Others disagree. "There's an awful lot of Chicken Little, but the sky is not falling," insists Frank Callari, senior vice president of A&R at Lost Highway Records, home to Lucinda Williams, among others. "I'm pretty optimistic." ("A&R," standing for "artists and repertoire," is the industry's name for the execs who sign acts.)

High ticket prices gut the concert business

Even for the industry optimists, the first quarter of 2000, when sales were up 12 percent over the previous year, must now seem like a lifetime ago. By contrast, as the final days of 2001 ticked off, music sales were down 5 percent from last year, according to SoundScan, which 10 years ago began tabulating music sales with some exactitude, using scanning technology as albums were purchased. Worse, sales of current releases ­ that's not counting older catalog material, just albums shipped out within the last 18 months ­ were off 6 percent, year-to-date.

The traumatic terrorist attack of September 11 and subsequent consumer fallout, when the concert business virtually came to a standstill and shopping patterns were disrupted for weeks, only exacerbated what had been glaring music industry weaknesses.

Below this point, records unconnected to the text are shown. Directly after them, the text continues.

lemma scalar_u_plus_2: "sc (u + 2) = v + 1 + 1 + 1"
proof -
  have "u + 2 = (u - 1) + 1 + 1 + 1" by simp
  then show ?thesis by (simp only: cplx_alg_add[OF cplx_alg] cplx_alg_one[OF cplx_alg])
qed

lemma g1_g2_g1_yh_c12:
  "g 1 * g 2 * g 1 * yh_c12 d g t
     = (1 + v * (e1 + e2 + e13) + v ^ 2 * sc (u + 2) * e1 * e2) * yh_c12 d g t"
proof -
  let ?c = "yh_c12 d g t"
  have "g 1 * g 2 * e1 = e2 * (g 1 * g 2)"
    by (simp add: mult.assoc g2_e1) (simp add: mult.assoc[symmetric] g1_e13)
  then have "g 1 * g 2 * g 1 * ?c = g 1 * g 2 * ?c + v * (e2 * (g 1 * g 2 * ?c))"
    by (simp add: mult.assoc g1_yh_c12 distrib_left distrib_right cplx_alg_left_commute[OF cplx_alg])
       (simp add: mult.assoc[symmetric])
  also have "\<dots> = (1 + v * (e1 + e2 + e13) + v ^ 2 * sc (u + 2) * e1 * e2) * ?c"
    by (simp add: g1_g2_yh_c12[unfolded mult.assoc] scalar_u_plus_2 algebra_simps power2_eq_square
        cplx_alg_left_commute[OF cplx_alg, of e2] mult_eq_assoc[OF e2_e1] mult_eq_assoc[OF e2_e13]
        mult_eq_assoc[OF e2_idem])
  finally show ?thesis .
qed

end

lemma yh_rels_three_strands:
  assumes "yh_rels sc d n u g t" and "n \<ge> 3" and "cplx_alg sc" and "d \<ge> 1"
  shows "yh_three_strands sc d u g t"
proof -
  from assms(1) have
    braid: "\<And>i. \<lbrakk>1 \<le> i; i + 1 \<le> n - 1\<rbrakk> \<Longrightarrow>
      g (i+1) * g i * g (i+1) = g i * g (i+1) * g i"
    and t_commute: "\<And>i j. \<lbrakk>1 \<le> i; i \<le> n; 1 \<le> j; j \<le> n\<rbrakk> \<Longrightarrow> t i * t j = t j * t i"
    and t_power: "\<And>i. \<lbrakk>1 \<le> i; i \<le> n\<rbrakk> \<Longrightarrow> t i ^ d = 1"
    and g_t_same: "\<And>i. \<lbrakk>1 \<le> i; i \<le> n - 1\<rbrakk> \<Longrightarrow> g i * t i = t (i+1) * g i"
    and g_t_next: "\<And>i. \<lbrakk>1 \<le> i; i \<le> n - 1\<rbrakk> \<Longrightarrow> g i * t (i+1) = t i * g i"
    and g_t_far: "\<And>i j. \<lbrakk>1 \<le> i; i \<le> n - 1; 1 \<le> j; j \<le> n; j \<noteq> i; j \<noteq> i + 1\<rbrakk> \<Longrightarrow>
      g i * t j = t j * g i"
    and quadratic: "\<And>i. \<lbrakk>1 \<le> i; i \<le> n - 1\<rbrakk> \<Longrightarrow>
      g i * g i = 1 + sc (u - 1) * yh_e sc d t i (i+1) + sc (u - 1) * yh_e sc d t i (i+1) * g i"
    unfolding yh_rels_def by blast+
  show ?thesis
    using assms(2) braid[of 1] t_power g_t_same[of 1] g_t_same[of 2] g_t_next[of 1] g_t_next[of 2]
      g_t_far[of 1 3] g_t_far[of 2 1] quadratic[of 1] quadratic[of 2]
    by unfold_locales (auto simp: assms(3,4) commute_def t_commute simp del: One_nat_def)
qed

theorem lemma6:
  fixes sc :: "complex \<Rightarrow> 'a::ring_1" and g t :: "nat \<Rightarrow> 'a"
    and d n :: nat and u :: complex
  assumes "d \<ge> 1" and "n \<ge> 3" and "u \<noteq> 0"
    and "cplx_alg sc" and "yh_rels sc d n u g t"
  defines "e1 \<equiv> yh_e sc d t 1 2" and "e2 \<equiv> yh_e sc d t 2 3"
    and "e13 \<equiv> yh_e sc d t 1 3" and "c \<equiv> yh_c12 d g t" and "v \<equiv> sc (u - 1)"
  shows "g 1 * c = (1 + v * e1) * c \<and>
         g 2 * c = (1 + v * e2) * c \<and>
         g 1 * g 2 * c = (1 + v * e1 + v * e13 + v ^ 2 * e1 * e2) * c \<and>
         g 2 * g 1 * c = (1 + v * e2 + v * e13 + v ^ 2 * e1 * e2) * c \<and>
         g 1 * g 2 * g 1 * c = (1 + v * (e1 + e2 + e13) + v ^ 2 * sc (u + 2) * e1 * e2) * c"
proof -
  interpret yh_three_strands sc d u g t
    using yh_rels_three_strands[OF assms(5,2,4,1)] .
  show ?thesis
    unfolding e1_def e2_def e13_def c_def v_def
    using g1_yh_c12 g2_yh_c12 g1_g2_yh_c12 g2_g1_yh_c12 g1_g2_g1_yh_c12 by blast
qed

end
lemma Q_of_vs [simp]: "Q_of Z vs = Q vs"
  by (simp add: restr_dom_def)

lemma finite_Q_of: "u \<in> V \<Longrightarrow> finite (Q_of Z u)"
  using finite_Q by (auto simp: restr_dom_def)

lemma Q_of_X_eq_Y: "u \<in> V \<Longrightarrow> u \<noteq> v0 \<Longrightarrow> Q_of X u = Q_of Y u"
  using XY_agree by (simp add: restr_dom_def)

lemma flo_le_card_Q_of:
  assumes "\<forall>v\<in>V. Z v \<in> \<Sigma> v" "u \<in> V" "u \<noteq> vs"
  shows "flo Q \<Sigma> u \<le> int (card (Q_of Z u))"
  using balanced_h assms unfolding balanced_def restr_dom_def by auto

definition qmin :: "'v \<Rightarrow> nat" where
  "qmin u = min (card (Q_of X u)) (card (Q_of Y u))"

lemma qmin_le: "Z \<in> {X, Y} \<Longrightarrow> qmin u \<le> card (Q_of Z u)"
  unfolding qmin_def by auto

lemma flo_le_qmin: "u \<in> V \<Longrightarrow> u \<noteq> vs \<Longrightarrow> flo Q \<Sigma> u \<le> int (qmin u)"
  using flo_le_card_Q_of[OF X_in, of u] flo_le_card_Q_of[OF Y_in, of u] by (simp add: qmin_def min_def)

text \<open>Variables whose domain has two or three values (the same for \<open>X\<close> and \<open>Y\<close>): they are
  distributed between the floor and the ceiling sums by the Local Lemma.\<close>
definition small :: "'v set" where
  "small = {u\<in>V. u \<noteq> vs \<and> u \<noteq> v0 \<and> card (Q_of X u) \<in> {2, 3}}"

"The business is broke and that just accelerated the decline," says one veteran. "This is not a growth industry." (The one bright spot is contemporary Christian and gospel music; sales have spiked since September 11.)

For instance, the concert business was already off 12 percent through the first six months, according to Pollstar magazine. Worse, actual concert attendance fell 16 percent during the first half of the year. Nobody thinks those numbers will improve when the receipts for the second six months of the year are tallied.

"Lots of promoters have been trying to use the Osama excuse," according to one concert industry pro. "But by September 11, the outdoor summer amphitheater season was basically done."

What's the real reason? Some people say it's high ticket prices.

"Weak business has more to do with issues of pricing than the trauma of war," that pro continues.

There are both higher ticket prices and expanding ticket surcharges. For instance, a pair of $49.50 tickets to see Britney Spears at the MCI Center in Washington on December 21 came complete with an astonishing $25.40 worth of add-on service fees. Ticketmaster charges a $15.90 "convenience charge" for the privilege of buying tickets. (Harris-Teeter is prevented from demanding a "convenience charge" for shopping in its stores because the customer has alternatives, a state of affairs that does not apply to Ticketmaster, which handles the fare gate for a large part of the concert industry.) There is an additional $3.50 "handling fee" as well. And finally, there is a $6 "building facility charge," sort of a tax to walk into the MCI Center. (Traditionally, venues like the MCI Center also have some portion of the Ticketmaster fees kicked back to them as well.)